Yeni bir lokasyona gitmeden önce detaylı bir araştırma yapmayı düstur edinen ben, ne hikmetse Johanneburg ve Cape Town hakkında pek de dersime çalışamamıştım. Uçaktan indim, bavulumu aldım. Özellikle Johanessburg çok fazla tehlike arz eden de bir yer olduğu için dikkatli olmam gerektiği hususunda epey bir telkin edinmiştim. Havalimanında belki de kimsenin yapmaya cesaret edemeyeceği bir şeyi yaptım ve kendini taksici diye lanse eden sıradan bir siyahi arkadaşın 95 model Mercedes’ine binerek Johannesburg merkeze doğru yola koyuldum. Açıkçası araca bindikten bir süre sonra kafamda şoför ile ilgili soru işaretleri oluşmadı da değil. Şoföre bakıyorum, arabaya bakıyorum, aracı kullanış tarzına bakıyorum, konuşmalarına bakıyorum, sonra Allah’ım niçin bana böyle bir seçim yaptırdın diye kendime soruyorum 🙂 Tabi ben de boş durmayarak, İstanbul’dan geldiğimi, İstanbul’un da yer yer tehlike arz eden bir şehir olduğunu ve İstanbul’da yaşayan birinin, dünyanın her yerinde rahatlıkla yaşayabileceğinden bahsediyorum. Hatta onunla da kalmayarak askerlik yaptığımı ve süre zarfında silah kullanmayı ve bazı yakın dövüş tekniklerini öğrendiğimden de bahsederek, beni bir an önce otelime vukuatsız bir şekilde götürmesi gerektiğinin sinyallerini inceden inceye veriyorum 🙂
Otelimize de vukuatsız bir biçimde vardıktan sonra, 2,5 gün süresince kalacağım Johannesburg’da kendime bir tane şoför tahsis ettim. Sabah beni otelden alıyor, fuara götürüyor, oradan çıkışta da otele geri getiriyordu. Güven ortamını da tahsis ettikten sonra, haliyle Johanessburg daha da keyifli bir hale geliyordu benim için.
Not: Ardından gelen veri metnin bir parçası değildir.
lemma
  assumes "s \<ge> 0"
  shows consumed_age_density_integrable: "integrable lborel (consumed_age_density s)"
    and integral_consumed_age_density: "integral\<^sup>L lborel (consumed_age_density s) = 1"
proof -
  have "integrable lborel (\<lambda>a. indicator {0..} a * (p a s * fA a))"
  proof (rule Bochner_Integration.integrable_bound)
    show "integrable lborel (\<lambda>a. indicator {0..} a * fA a)"
      using fA_int by (simp add: set_integrable_def)
    show "AE a in lborel. norm (indicator {0..} a * (p a s * fA a)) \<le> norm (indicator {0..} a * fA a :: real)"
      using p_range[OF _ assms] fA_nonneg
      by (intro AE_I2) (auto simp: indicator_def abs_mult intro: mult_left_le_one_le)
  qed (use p_measurable_fst[of s] in measurable)
  moreover have "consumed_age_density s = (\<lambda>a. indicator {0..} a * (p a s * fA a) / cons_norm p fA s)"
    by (auto simp: consumed_age_density_def fAt_def)
  ultimately show "integrable lborel (consumed_age_density s)"
    and "integral\<^sup>L lborel (consumed_age_density s) = 1"
    using norm_pos[OF assms] by (simp_all add: cons_norm_def set_lebesgue_integral_def)
qed

lemma p_cross:
  assumes "0 \<le> a" "a \<le> b" "0 \<le> s" "s \<le> r"
  shows "p a r * p b s \<le> p b r * p a s"
proof (cases "s = r")
  case False
  with assms have "s < r" by simp
  show ?thesis
    using assms p_range[of a s] p_range[of a r] p_range[of b s] p_range[of b r]
    by (intro mono_ext_ratio_imp_cross_le[OF B[OF \<open>0 \<le> s\<close> \<open>s < r\<close>]]) auto
qed (simp add: mult.commute)
lemma infinite_order_int_pow_eq_one_iff:
  "infinite_order G g \<Longrightarrow> g [^] (n::int) = \<one> \<longleftrightarrow> n = 0"
  by (simp add: infinite_order_iff_ord_eq_0 int_pow_eq_id)

lemma finite_subgroup_elem_torsion:
  assumes "subgroup F G" "finite F" "f \<in> F"
  shows "\<exists>n>0. f [^] (n::nat) = \<one>"
proof -
  interpret F: group "G\<lparr>carrier := F\<rparr>"
    using assms(1) by (rule subgroup.subgroup_is_group) (rule is_group)
  have "f [^]\<^bsub>G\<lparr>carrier := F\<rparr>\<^esub> F.ord f = \<one>"
    using assms(3) by (simp add: F.pow_ord_eq_1)
  moreover have "F.ord f > 0"
    using F.ord_ge_1 assms by (simp add: Suc_le_eq)
  ultimately show ?thesis
    by (metis nat_pow_consistent)
qed

lemma conj_hom: "k \<in> carrier G \<Longrightarrow> (\<lambda>x. inv k \<otimes> x \<otimes> k) \<in> hom G G"
  by (rule homI) (simp_all add: m_assoc[symmetric], simp add: m_assoc)

lemma conj_int_pow:
  "k \<in> carrier G \<Longrightarrow> x \<in> carrier G \<Longrightarrow> (inv k \<otimes> x \<otimes> k) [^] (n::int) = inv k \<otimes> x [^] n \<otimes> k"
  using hom_int_pow[OF conj_hom _ is_group is_group] by simp

lemma conj_nat_pow:
  "k \<in> carrier G \<Longrightarrow> x \<in> carrier G \<Longrightarrow> (inv k \<otimes> x \<otimes> k) [^] (n::nat) = inv k \<otimes> x [^] n \<otimes> k"
  using hom_nat_pow[OF conj_hom _ is_group is_group] by simp

lemma conj_conj:
  "k \<in> carrier G \<Longrightarrow> l \<in> carrier G \<Longrightarrow> x \<in> carrier G \<Longrightarrow>
     inv l \<otimes> (inv k \<otimes> x \<otimes> k) \<otimes> l = inv (k \<otimes> l) \<otimes> x \<otimes> (k \<otimes> l)"
  by (simp add: inv_mult_group m_assoc)

lemma conj_eq_iff:
  "k \<in> carrier G \<Longrightarrow> x \<in> carrier G \<Longrightarrow> y \<in> carrier G \<Longrightarrow>
     inv k \<otimes> x \<otimes> k = y \<longleftrightarrow> x = k \<otimes> y \<otimes> inv k"
  by (metis conjugation_is_surj inv_closed inv_inv)

lemma conj_class_conj:
  assumes k: "k \<in> carrier G" and h: "h \<in> carrier G"
  shows "conj_class G (inv k \<otimes> h \<otimes> k) = conj_class G h"
proof (intro equalityI subsetI)
  fix z assume "z \<in> conj_class G (inv k \<otimes> h \<otimes> k)"
  then obtain l where l: "l \<in> carrier G" "z = inv l \<otimes> (inv k \<otimes> h \<otimes> k) \<otimes> l"
    unfolding conj_class_def by blast
  then have "z = inv (k \<otimes> l) \<otimes> h \<otimes> (k \<otimes> l)"
    using conj_conj[OF k l(1) h] by simp
  then show "z \<in> conj_class G h"
    unfolding conj_class_def using k l(1) by blast
next
  fix z assume "z \<in> conj_class G h"
  then obtain l where l: "l \<in> carrier G" "z = inv l \<otimes> h \<otimes> l"
    unfolding conj_class_def by blast
  have "k \<otimes> (inv k \<otimes> l) = l"
    using k l(1) by (simp add: m_assoc[symmetric])
  then have "z = inv (inv k \<otimes> l) \<otimes> (inv k \<otimes> h \<otimes> k) \<otimes> (inv k \<otimes> l)"
    using conj_conj[OF k _ h, of "inv k \<otimes> l"] k l by simp
  then show "z \<in> conj_class G (inv k \<otimes> h \<otimes> k)"
    unfolding conj_class_def using k l(1) by blast
qed

lemma Eplus_subgroup:
  assumes g: "g \<in> carrier G"
  shows "subgroup (Eplus G g) G"
proof
  show "Eplus G g \<subseteq> carrier G"
    unfolding Eplus_def by auto
  show "\<one> \<in> Eplus G g"
    unfolding Eplus_def using g by (auto intro!: exI[of _ 1])
next
  fix x y assume "x \<in> Eplus G g" "y \<in> Eplus G g"
  then obtain a b :: int where x: "x \<in> carrier G" "a \<noteq> 0" "inv x \<otimes> g [^] a \<otimes> x = g [^] a"
    and y: "y \<in> carrier G" "b \<noteq> 0" "inv y \<otimes> g [^] b \<otimes> y = g [^] b"
    unfolding Eplus_def by auto
  \<comment> \<open>both x and y centralise the common power g^(ab)\<close>
  have "inv x \<otimes> g [^] (a * b) \<otimes> x = g [^] (a * b)"
    using conj_int_pow[OF x(1), of "g [^] a" b] x g by (simp add: int_pow_pow)
  moreover have "inv y \<otimes> g [^] (a * b) \<otimes> y = g [^] (a * b)"
    using conj_int_pow[OF y(1), of "g [^] b" a] y g by (simp add: int_pow_pow mult.commute)
  ultimately have "inv (x \<otimes> y) \<otimes> g [^] (a * b) \<otimes> (x \<otimes> y) = g [^] (a * b)"
    using conj_conj[OF x(1) y(1), of "g [^] (a * b)"] g by (metis int_pow_closed)
  then show "x \<otimes> y \<in> Eplus G g"
    unfolding Eplus_def using x y by (auto intro!: exI[of _ "a * b"])
next
  fix x assume "x \<in> Eplus G g"
  then obtain a :: int where x: "x \<in> carrier G" "a \<noteq> 0" "inv x \<otimes> g [^] a \<otimes> x = g [^] a"
    unfolding Eplus_def by auto
  then have "inv (inv x) \<otimes> g [^] a \<otimes> inv x = g [^] a"
    using g conj_eq_iff[of x "g [^] a" "g [^] a"] by simp
  then show "inv x \<in> Eplus G g"
    unfolding Eplus_def using x by auto
qed
lemma bsfw_expected_min_gap_bound:
  fixes S :: "'v::real_inner set" and f :: "'v \<Rightarrow> real" and T K :: nat and M :: "'a measure"
    and x m :: "nat \<Rightarrow> 'a \<Rightarrow> 'v" and \<sigma> :: "nat \<Rightarrow> 'a \<Rightarrow> real"
  assumes S: "S \<noteq> {}" "bounded S" "convex S" "S \<subseteq> U"
    and f_deriv: "\<forall>y\<in>U. (f has_derivative (\<lambda>h. inner (grad y) h)) (at y)"
    and lip: "\<forall>y\<in>S. \<forall>z\<in>S. norm (grad y - grad z) \<le> L * norm (y - z)"
    and f_bound: "\<forall>y\<in>S. \<bar>f y\<bar> \<le> F"
    and lmo: "is_lmo S lmo" and "0 < \<delta>"
    and \<rho>: "0 < \<rho>1" "\<rho>1 \<le> 1" "0 < \<rho>2" "\<rho>2 \<le> 1"
    and ABCE: "A \<ge> 0" "B \<ge> 0" "C \<ge> 0" "E \<ge> 0"
    and "1 \<le> T" "prob_space M"
    and meas: "\<forall>t. x t \<in> borel_measurable M \<and> m t \<in> borel_measurable M \<and> \<sigma> t \<in> borel_measurable M"
    and x0: "\<forall>\<omega>\<in>space M. x 0 \<omega> = lmo minit"
    and x_step: "\<forall>t. \<forall>\<omega>\<in>space M. x (Suc t) \<omega> = bsfw_step lmo K \<delta> (1 / sqrt T) (x t \<omega>) (m t \<omega>)"
    and int: "\<forall>t. integrable M (\<lambda>\<omega>. (norm (m t \<omega> - grad (x t \<omega>)))\<^sup>2)
            \<and> integrable M (\<lambda>\<omega>. (\<sigma> t \<omega>)\<^sup>2)"
    and err_rec: "\<forall>t\<ge>1. AE \<omega> in M.
          real_cond_exp M (nat_filt M x (t - 1)) (\<lambda>\<omega>. (norm (m t \<omega> - grad (x t \<omega>)))\<^sup>2) \<omega>
            \<le> (1 - \<rho>1) * (norm (m (t - 1) \<omega> - grad (x (t - 1) \<omega>)))\<^sup>2 + A * (\<sigma> (t - 1) \<omega>)\<^sup>2
              + (1 / sqrt T)\<^sup>2 * B * (diameter S)\<^sup>2 + C"
    and aux_rec: "\<forall>t\<ge>1. AE \<omega> in M.
          real_cond_exp M (nat_filt M x (t - 1)) (\<lambda>\<omega>. (\<sigma> t \<omega>)\<^sup>2) \<omega>
            \<le> (1 - \<rho>2) * (\<sigma> (t - 1) \<omega>)\<^sup>2 + (1 / sqrt T)\<^sup>2 * E * (diameter S)\<^sup>2"
    and V0: "prob_space.expectation M (\<lambda>\<omega>. (norm (m 0 \<omega> - grad (x 0 \<omega>)))\<^sup>2) \<le> V0"
    and S0: "prob_space.expectation M (\<lambda>\<omega>. (\<sigma> 0 \<omega>)\<^sup>2) \<le> S0"
  shows "prob_space.expectation M (\<lambda>\<omega>. Min ((\<lambda>t. fw_gap grad S (x t \<omega>)) ` {0..<T}))
    \<le> (2 * F + \<bar>L\<bar> * (diameter S)\<^sup>2 + diameter S + diameter S
         * (V0 + 2 * A / \<rho>2 * S0 + (B + 2 * A / \<rho>2 * E) * (diameter S)\<^sup>2 + 1) / min \<rho>1 (\<rho>2 / 2))
      * (1 / sqrt T + sqrt C)"
proof -
  interpret prob_space M by fact
  define \<eta> where "\<eta> = 1 / sqrt T"
  define \<kappa> where "\<kappa> = \<eta> + sqrt C"
  define D where "D = diameter S"
  define err where "err t \<omega> = (norm (m t \<omega> - grad (x t \<omega>)))\<^sup>2" for t \<omega>
  define W where "W = V0 + 2 * A / \<rho>2 * S0 + (B + 2 * A / \<rho>2 * E) * D\<^sup>2"
  have "0 < \<eta>" "\<eta> \<le> 1" "0 < \<kappa>"
    using \<open>1 \<le> T\<close> ABCE(3) by (auto simp: \<eta>_def \<kappa>_def add_pos_nonneg)
  have "0 \<le> D"
    using S(1) diameter_bounded_bound[OF S(2)] by (force simp: D_def)
  have "0 \<le> F"
    using S(1) f_bound by force
  have int_err: "integrable M (err t)" for t
    using int by (simp add: err_def[abs_def])
  have "0 \<le> expectation (\<lambda>\<omega>. (norm (m 0 \<omega> - grad (x 0 \<omega>)))\<^sup>2)"
      "0 \<le> expectation (\<lambda>\<omega>. (\<sigma> 0 \<omega>)\<^sup>2)"
    by simp_all
  then have "0 \<le> V0" "0 \<le> S0"
    using V0 S0 by linarith+
  then have "0 \<le> W"
    using \<rho> ABCE by (auto simp: W_def intro!: add_nonneg_nonneg mult_nonneg_nonneg)
  have err_sum: "min \<rho>1 (\<rho>2 / 2) * (\<Sum>t<T. expectation (err t)) \<le> W + real T * C"
    using bsfw_expected_error_sum_bound[OF \<open>prob_space M\<close> \<open>1 \<le> T\<close> \<rho> ABCE(1) _ int err_rec aux_rec V0 S0]
      meas by (simp add: W_def err_def[abs_def] D_def)
  define bound where "bound \<omega> = 2 * F / (\<eta> * T) + \<bar>L\<bar> * \<eta> * D\<^sup>2 + D * \<kappa>
      + D / (\<kappa> * T) * (\<Sum>t<T. err t \<omega>)" for \<omega>
  (* the minimal gap need not be integrable: integral_mono' only uses the nonnegative bound *)
  have "expectation (\<lambda>\<omega>. Min ((\<lambda>t. fw_gap grad S (x t \<omega>)) ` {0..<T})) \<le> expectation bound"
  proof (rule integral_mono')
    fix \<omega> assume "\<omega> \<in> space M"
    show "Min ((\<lambda>t. fw_gap grad S (x t \<omega>)) ` {0..<T}) \<le> bound \<omega>"
      unfolding bound_def err_def D_def
      using x0 x_step \<open>\<omega> \<in> space M\<close> lmo_mem[OF lmo]
      by (intro bsfw_min_gap_bound[OF S f_deriv lip f_bound lmo \<open>0 < \<delta>\<close> \<open>0 < \<eta>\<close> \<open>\<eta> \<le> 1\<close>
            \<open>1 \<le> T\<close> \<open>0 < \<kappa>\<close>]) (auto simp: \<eta>_def)
    show "0 \<le> bound \<omega>"
      using \<open>0 \<le> F\<close> \<open>0 \<le> D\<close> \<open>0 < \<eta>\<close> \<open>0 < \<kappa>\<close> by (simp add: bound_def err_def sum_nonneg)
  qed (use int_err in \<open>simp add: bound_def[abs_def]\<close>)
  also have "expectation bound = 2 * F / (\<eta> * T) + \<bar>L\<bar> * \<eta> * D\<^sup>2 + D * \<kappa>
      + D / (\<kappa> * T) * (\<Sum>t<T. expectation (err t))"
    using int_err by (simp add: bound_def[abs_def] prob_space)
  also have "\<dots> \<le> (2 * F + \<bar>L\<bar> * D\<^sup>2 + D + D * (W + 1) / min \<rho>1 (\<rho>2 / 2)) * (\<eta> + sqrt C)"
    unfolding \<kappa>_def \<eta>_def
    using \<rho> by (intro bsfw_rate_arith[OF \<open>1 \<le> T\<close> ABCE(3) \<open>0 \<le> F\<close> \<open>0 \<le> D\<close> _ \<open>0 \<le> W\<close> err_sum]) simp
  finally show ?thesis
    by (simp add: \<eta>_def D_def W_def)
qed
Açıkçası Johannesburg ile Cape Town’u karşılaştırmak, İstanbul ile Ankara’yı karşılaştırmak gibi birşey. Maalesef çok da fazla bir albenisi yok Johannesburg’un.
Johannesburg’da nerede kalınır?
Johannesburg’da kesinlikle Sandton isimli bölgede kalın, hatta o bölgenin de dışına da fazla çıkmayın. Şehrin en gelişmiş, en zengin, en medeni alanı burasıdır. İçinde çeşitli alışveriş merkezlerini de barındıran sevimli bir bölge. Hatta şehrin en iyi bölgesi de diyebiliriz.
Johannesburg otelleri konusunda size söyleyebileceğim en önemli şey; gittiğiniz zaman kesinlikle biraz bütçe ayırıp Radisson Blu, Intercontinental veya Hilton Sandton’da kalmanızı öneririm. Ben biraz merkezin dışında Marshalltown bölgesinde Mapungubwe Hotel’de kalmıştım. Fiyat olarak da gecelik 85-90 $ civarında idi. Son derece hoş bir 4 yıldızlı oteldi. Ancak hava karardıktan sonra dışarı tek başınıza çıkmanız mümkün değil bu bölgede. Sandton ise nispeten daha güvenli. Oteldeki teknik bir aksaklıktan ötürü internette sıkıntı vardı. Bende hem akşam yemeğimi yemek amacıyla, hem de internete girip, iş maillerimi kontrol etmek niyetiyle otel çıkış kapısına yöneldiğimde, otel resepsiyonistleri beni tabi ki de tek başıma dışarı bırakmadılar. Beyaz bir adam, elinde laptop çantası, Jo’burg’un orta şekerli bir mahallesi, hava kararmış… Yanıma verdikleri güvenlik görevlisiyle birlikte bir restorana gittik, beraber yemek yedik, ben de o esnada maillerimi kontrol etme şansı buldum.
Size uygun Johannesburg Otelleri için buraya tıklayabilirsiniz..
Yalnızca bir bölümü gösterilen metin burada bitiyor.